The entries below are to be copied exactly, with nothing left out.

--- Information shown ---
Segment Open

(* $\mathrm{Log}_{>1}(\mathbb{Q})\subsetneq \mathrm{Log}_{>1}(\mathbb{R})$; that is, $\mathrm{Log}_{>1}(\mathbb{Q})$ is strictly contained in $\mathrm{Log}_{>1}(\mathbb{R})$.
   Context: Modal formulas are built from a countable set of propositional variables using $\bot$, $\to$ and one unary modality $\lozenge$. A frame is a pair $(X,R)$; a valuation assigns subsets of $X$ to variables; $x\models\lozenge\varphi$ iff there is $y$ with $xRy$ and $y\models\varphi$. A formula is valid in a frame if true at every point under every valuation. For a metric space $(X,d)$, $\mathrm{Log}_{>1}(X)$ is the set of modal formulas valid in the frame $(X,R_{>1})$, where $xR_{>1}y$ iff $d(x,y)>1$. $\mathbb{R}$ and $\mathbb{Q}$ carry the metric $d(x,y)=|x-y|$. *)

theory Defs
  imports "HOL-Analysis.Analysis"
begin

datatype fm = Var nat | Bot | Imp fm fm | Dia fm

fun sat :: "'a set \<Rightarrow> ('a \<Rightarrow> 'a \<Rightarrow> bool) \<Rightarrow> (nat \<Rightarrow> 'a set) \<Rightarrow> 'a \<Rightarrow> fm \<Rightarrow> bool" where
  "sat X R V x (Var p) = (x \<in> V p)"
| "sat X R V x Bot = False"
| "sat X R V x (Imp a b) = (sat X R V x a \<longrightarrow> sat X R V x b)"
| "sat X R V x (Dia a) = (\<exists>y\<in>X. R x y \<and> sat X R V y a)"

definition valid_in :: "'a set \<Rightarrow> ('a \<Rightarrow> 'a \<Rightarrow> bool) \<Rightarrow> fm \<Rightarrow> bool" where
  "valid_in X R \<phi> = (\<forall>V. (\<forall>p. V p \<subseteq> X) \<longrightarrow> (\<forall>x\<in>X. sat X R V x \<phi>))"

Segment Closed

--- Result ---
(* $\mathrm{Log}_{>1}(\mathbb{Q})\subsetneq \mathrm{Log}_{>1}(\mathbb{R})$; that is, $\mathrm{Log}_{>1}(\mathbb{Q})$ is strictly contained in $\mathrm{Log}_{>1}(\mathbb{R})$.
   Context: Modal formulas are built from a countable set of propositional variables using $\bot$, $\to$ and one unary modality $\lozenge$. A frame is a pair $(X,R)$; a valuation assigns subsets of $X$ to variables; $x\models\lozenge\varphi$ iff there is $y$ with $xRy$ and $y\models\varphi$. A formula is valid in a frame if true at every point under every valuation. For a metric space $(X,d)$, $\mathrm{Log}_{>1}(X)$ is the set of modal formulas valid in the frame $(X,R_{>1})$, where $xR_{>1}y$ iff $d(x,y)>1$. $\mathbb{R}$ and $\mathbb{Q}$ carry the metric $d(x,y)=|x-y|$. *)

theory Defs
  imports "HOL-Analysis.Analysis"
begin

datatype fm = Var nat | Bot | Imp fm fm | Dia fm

fun sat :: "'a set \<Rightarrow> ('a \<Rightarrow> 'a \<Rightarrow> bool) \<Rightarrow> (nat \<Rightarrow> 'a set) \<Rightarrow> 'a \<Rightarrow> fm \<Rightarrow> bool" where
  "sat X R V x (Var p) = (x \<in> V p)"
| "sat X R V x Bot = False"
| "sat X R V x (Imp a b) = (sat X R V x a \<longrightarrow> sat X R V x b)"
| "sat X R V x (Dia a) = (\<exists>y\<in>X. R x y \<and> sat X R V y a)"

definition valid_in :: "'a set \<Rightarrow> ('a \<Rightarrow> 'a \<Rightarrow> bool) \<Rightarrow> fm \<Rightarrow> bool" where
  "valid_in X R \<phi> = (\<forall>V. (\<forall>p. V p \<subseteq> X) \<longrightarrow> (\<forall>x\<in>X. sat X R V x \<phi>))"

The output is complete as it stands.